§ Provided material:

########

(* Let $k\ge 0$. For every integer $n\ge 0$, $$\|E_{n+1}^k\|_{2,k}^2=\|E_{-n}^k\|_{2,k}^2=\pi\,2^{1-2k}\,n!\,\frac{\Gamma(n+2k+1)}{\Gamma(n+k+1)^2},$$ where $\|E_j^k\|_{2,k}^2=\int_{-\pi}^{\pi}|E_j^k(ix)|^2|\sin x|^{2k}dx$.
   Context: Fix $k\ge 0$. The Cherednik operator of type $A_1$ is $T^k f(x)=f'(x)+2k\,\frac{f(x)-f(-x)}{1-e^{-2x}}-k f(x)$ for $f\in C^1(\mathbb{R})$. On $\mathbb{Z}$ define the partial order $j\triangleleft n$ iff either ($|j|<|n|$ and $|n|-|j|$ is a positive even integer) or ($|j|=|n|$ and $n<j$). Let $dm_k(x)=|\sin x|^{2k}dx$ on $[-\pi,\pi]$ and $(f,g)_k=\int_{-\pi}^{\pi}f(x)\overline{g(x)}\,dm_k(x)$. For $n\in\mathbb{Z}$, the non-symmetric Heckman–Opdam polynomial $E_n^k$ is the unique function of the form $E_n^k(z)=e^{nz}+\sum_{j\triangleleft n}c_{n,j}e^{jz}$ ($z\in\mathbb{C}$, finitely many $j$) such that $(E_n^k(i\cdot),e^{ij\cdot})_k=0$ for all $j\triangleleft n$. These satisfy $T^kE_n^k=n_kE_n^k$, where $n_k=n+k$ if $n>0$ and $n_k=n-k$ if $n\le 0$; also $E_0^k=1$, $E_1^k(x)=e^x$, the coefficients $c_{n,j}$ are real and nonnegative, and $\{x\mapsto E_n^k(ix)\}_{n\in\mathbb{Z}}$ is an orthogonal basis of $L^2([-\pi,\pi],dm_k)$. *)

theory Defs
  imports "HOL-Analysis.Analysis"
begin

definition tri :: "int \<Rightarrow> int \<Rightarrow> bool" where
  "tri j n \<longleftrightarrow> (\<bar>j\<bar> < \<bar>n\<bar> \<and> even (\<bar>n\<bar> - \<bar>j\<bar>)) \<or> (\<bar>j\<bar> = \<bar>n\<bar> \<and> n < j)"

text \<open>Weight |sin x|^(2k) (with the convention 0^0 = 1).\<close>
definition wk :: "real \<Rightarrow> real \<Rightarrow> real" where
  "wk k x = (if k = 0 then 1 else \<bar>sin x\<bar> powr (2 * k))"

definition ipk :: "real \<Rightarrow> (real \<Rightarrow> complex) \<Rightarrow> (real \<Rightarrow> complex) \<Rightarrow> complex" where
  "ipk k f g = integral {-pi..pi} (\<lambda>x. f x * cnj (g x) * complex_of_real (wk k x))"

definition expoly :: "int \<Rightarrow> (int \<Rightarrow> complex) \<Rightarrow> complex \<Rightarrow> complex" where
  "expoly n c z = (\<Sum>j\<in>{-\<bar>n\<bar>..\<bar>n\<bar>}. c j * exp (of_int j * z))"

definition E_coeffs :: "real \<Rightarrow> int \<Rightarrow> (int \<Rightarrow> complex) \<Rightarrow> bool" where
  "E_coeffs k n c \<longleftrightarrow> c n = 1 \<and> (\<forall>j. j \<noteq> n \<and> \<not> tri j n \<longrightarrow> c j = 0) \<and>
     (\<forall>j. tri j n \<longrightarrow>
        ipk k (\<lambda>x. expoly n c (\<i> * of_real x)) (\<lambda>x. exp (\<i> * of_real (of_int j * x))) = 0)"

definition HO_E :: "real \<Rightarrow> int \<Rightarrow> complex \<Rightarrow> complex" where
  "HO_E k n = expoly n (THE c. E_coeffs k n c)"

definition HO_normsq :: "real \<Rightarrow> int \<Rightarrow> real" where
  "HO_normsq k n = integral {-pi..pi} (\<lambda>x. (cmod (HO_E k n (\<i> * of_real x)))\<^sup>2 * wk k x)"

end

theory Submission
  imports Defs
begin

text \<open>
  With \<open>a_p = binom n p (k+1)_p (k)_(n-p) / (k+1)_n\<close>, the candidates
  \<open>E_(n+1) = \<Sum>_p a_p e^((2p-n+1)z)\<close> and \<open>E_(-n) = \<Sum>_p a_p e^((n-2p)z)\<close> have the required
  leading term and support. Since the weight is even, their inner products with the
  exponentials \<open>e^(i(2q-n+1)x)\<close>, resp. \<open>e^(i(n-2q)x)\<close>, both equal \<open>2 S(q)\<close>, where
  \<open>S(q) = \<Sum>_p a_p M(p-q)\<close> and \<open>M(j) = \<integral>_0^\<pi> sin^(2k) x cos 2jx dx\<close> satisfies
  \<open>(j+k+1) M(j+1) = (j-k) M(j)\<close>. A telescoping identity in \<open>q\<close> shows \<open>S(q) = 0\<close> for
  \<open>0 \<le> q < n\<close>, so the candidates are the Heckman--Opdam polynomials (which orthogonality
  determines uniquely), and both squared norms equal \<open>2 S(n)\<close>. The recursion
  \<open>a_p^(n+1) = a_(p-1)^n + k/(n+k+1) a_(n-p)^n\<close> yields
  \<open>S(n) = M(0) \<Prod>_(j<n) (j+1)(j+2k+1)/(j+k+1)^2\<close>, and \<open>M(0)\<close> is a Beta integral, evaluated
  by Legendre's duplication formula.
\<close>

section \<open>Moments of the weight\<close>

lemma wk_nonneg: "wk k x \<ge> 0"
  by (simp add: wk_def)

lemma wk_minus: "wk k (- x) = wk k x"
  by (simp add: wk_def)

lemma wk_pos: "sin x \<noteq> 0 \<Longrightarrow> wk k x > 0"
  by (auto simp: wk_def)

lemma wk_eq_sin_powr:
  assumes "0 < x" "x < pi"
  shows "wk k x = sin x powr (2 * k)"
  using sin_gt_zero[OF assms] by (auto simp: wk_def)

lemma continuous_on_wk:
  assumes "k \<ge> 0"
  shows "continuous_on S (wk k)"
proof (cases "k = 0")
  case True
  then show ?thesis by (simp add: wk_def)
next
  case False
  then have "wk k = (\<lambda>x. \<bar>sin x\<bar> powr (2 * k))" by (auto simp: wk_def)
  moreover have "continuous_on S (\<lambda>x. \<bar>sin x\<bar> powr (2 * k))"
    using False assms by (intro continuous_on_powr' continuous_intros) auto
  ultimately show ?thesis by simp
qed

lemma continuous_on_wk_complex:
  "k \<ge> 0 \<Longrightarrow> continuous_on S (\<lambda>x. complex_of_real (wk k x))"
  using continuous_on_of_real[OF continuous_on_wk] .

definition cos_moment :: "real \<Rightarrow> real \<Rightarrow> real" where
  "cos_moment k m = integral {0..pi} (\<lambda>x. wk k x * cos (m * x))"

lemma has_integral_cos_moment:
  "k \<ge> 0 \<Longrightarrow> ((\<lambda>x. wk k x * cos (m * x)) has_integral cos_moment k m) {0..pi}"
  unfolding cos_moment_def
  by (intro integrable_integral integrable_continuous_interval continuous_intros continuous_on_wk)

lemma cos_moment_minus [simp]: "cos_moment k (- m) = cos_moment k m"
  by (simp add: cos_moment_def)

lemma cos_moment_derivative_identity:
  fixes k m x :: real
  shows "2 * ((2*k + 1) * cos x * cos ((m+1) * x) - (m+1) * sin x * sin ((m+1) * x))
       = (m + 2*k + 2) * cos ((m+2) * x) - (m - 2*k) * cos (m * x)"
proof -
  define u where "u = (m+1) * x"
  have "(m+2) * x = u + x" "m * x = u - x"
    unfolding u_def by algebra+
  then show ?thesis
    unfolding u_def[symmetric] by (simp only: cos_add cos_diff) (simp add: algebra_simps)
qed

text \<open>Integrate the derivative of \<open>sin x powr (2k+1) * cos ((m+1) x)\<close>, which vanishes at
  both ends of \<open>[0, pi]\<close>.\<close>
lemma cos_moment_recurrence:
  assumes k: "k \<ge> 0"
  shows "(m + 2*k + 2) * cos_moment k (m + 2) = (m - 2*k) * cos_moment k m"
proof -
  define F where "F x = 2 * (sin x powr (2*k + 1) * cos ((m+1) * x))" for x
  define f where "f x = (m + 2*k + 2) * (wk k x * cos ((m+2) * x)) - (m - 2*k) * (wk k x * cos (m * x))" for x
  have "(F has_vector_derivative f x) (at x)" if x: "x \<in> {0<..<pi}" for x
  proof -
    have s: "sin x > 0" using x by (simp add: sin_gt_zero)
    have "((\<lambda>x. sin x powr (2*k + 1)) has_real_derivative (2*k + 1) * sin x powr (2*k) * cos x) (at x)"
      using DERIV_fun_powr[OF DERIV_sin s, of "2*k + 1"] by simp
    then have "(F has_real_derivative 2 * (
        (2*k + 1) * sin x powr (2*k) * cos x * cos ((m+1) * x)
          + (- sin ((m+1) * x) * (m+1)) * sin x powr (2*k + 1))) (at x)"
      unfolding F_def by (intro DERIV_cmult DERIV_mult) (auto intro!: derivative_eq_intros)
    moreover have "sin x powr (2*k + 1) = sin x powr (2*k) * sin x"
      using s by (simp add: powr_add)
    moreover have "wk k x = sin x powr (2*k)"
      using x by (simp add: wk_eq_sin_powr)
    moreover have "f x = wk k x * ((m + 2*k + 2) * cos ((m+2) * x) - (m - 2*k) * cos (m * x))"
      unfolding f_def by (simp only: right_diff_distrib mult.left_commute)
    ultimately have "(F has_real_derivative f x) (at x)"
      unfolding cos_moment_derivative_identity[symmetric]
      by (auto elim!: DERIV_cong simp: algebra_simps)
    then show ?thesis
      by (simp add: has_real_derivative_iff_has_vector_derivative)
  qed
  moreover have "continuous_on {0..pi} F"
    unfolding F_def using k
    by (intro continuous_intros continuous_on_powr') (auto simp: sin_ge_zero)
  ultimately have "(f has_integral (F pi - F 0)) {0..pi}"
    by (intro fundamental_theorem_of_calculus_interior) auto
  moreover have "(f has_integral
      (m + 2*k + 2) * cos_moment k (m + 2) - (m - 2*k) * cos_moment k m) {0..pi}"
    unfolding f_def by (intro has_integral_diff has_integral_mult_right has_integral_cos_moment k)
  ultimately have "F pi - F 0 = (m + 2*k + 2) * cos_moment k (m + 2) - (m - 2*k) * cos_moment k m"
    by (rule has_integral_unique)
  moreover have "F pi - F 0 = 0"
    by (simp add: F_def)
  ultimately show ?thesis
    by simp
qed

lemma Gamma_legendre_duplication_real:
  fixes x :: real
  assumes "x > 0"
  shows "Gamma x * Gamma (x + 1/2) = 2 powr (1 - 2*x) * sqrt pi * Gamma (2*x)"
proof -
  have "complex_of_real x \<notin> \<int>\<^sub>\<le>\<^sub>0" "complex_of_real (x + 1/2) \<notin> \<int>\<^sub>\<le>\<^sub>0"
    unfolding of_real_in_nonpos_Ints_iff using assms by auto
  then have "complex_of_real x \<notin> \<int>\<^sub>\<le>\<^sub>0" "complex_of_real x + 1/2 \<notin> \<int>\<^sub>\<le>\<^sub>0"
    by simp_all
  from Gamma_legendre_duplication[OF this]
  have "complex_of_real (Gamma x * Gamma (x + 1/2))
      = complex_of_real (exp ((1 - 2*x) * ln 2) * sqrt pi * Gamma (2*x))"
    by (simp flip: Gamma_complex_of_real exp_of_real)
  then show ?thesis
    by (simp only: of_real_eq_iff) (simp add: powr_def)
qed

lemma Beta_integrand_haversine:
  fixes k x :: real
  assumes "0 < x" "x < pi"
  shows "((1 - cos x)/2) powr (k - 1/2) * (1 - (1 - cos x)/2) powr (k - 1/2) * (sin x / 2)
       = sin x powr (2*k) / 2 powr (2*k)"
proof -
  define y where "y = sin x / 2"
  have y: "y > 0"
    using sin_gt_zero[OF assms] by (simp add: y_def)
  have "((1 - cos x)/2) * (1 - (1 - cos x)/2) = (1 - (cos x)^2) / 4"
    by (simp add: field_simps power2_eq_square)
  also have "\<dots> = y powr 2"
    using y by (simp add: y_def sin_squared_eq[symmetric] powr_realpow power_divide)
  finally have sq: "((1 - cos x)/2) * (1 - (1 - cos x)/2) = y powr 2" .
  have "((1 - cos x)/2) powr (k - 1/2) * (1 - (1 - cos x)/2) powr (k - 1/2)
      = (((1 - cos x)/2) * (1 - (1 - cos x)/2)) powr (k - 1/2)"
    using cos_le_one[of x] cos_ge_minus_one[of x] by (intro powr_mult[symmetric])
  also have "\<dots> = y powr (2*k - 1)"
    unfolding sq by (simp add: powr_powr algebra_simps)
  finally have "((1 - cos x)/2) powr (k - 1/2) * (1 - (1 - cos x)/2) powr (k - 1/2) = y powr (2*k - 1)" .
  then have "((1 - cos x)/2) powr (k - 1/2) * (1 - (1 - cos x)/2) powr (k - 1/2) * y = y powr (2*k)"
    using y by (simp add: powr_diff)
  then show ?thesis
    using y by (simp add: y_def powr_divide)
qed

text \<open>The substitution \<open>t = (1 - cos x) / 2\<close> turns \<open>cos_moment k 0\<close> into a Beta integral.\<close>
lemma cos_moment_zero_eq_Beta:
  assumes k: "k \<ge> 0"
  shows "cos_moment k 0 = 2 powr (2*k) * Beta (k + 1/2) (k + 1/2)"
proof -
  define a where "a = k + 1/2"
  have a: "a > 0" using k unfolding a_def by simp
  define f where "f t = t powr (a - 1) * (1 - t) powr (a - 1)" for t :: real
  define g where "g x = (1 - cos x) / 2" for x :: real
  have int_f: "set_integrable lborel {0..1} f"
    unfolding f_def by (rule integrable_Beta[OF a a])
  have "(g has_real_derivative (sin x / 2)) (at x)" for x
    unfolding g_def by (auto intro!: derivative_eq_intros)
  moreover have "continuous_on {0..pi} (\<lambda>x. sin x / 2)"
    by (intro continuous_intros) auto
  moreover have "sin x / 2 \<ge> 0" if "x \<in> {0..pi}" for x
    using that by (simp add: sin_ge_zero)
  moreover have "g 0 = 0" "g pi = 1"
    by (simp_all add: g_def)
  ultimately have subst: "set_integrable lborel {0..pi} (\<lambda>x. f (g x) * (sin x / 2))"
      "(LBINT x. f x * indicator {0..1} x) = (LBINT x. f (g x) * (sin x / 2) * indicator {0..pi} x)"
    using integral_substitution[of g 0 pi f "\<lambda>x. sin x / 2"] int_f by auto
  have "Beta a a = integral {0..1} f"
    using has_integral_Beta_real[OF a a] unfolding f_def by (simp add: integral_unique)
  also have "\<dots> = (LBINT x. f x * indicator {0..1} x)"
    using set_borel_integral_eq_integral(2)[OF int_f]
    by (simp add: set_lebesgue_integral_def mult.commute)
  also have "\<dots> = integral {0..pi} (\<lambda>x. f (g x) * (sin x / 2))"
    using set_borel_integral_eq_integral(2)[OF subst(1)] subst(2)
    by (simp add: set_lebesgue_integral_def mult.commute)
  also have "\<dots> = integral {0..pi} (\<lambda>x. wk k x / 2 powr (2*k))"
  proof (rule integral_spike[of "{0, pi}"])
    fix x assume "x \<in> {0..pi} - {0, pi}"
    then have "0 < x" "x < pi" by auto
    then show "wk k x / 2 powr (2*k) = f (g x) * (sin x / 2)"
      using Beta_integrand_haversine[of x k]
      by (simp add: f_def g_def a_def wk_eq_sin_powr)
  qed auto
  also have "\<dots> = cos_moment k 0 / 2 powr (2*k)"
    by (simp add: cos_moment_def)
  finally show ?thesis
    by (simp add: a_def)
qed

########

§ Assignment:
Give the count of lines in the material containing "shows". The reply is that number alone.

§ Solution to the exercise:
8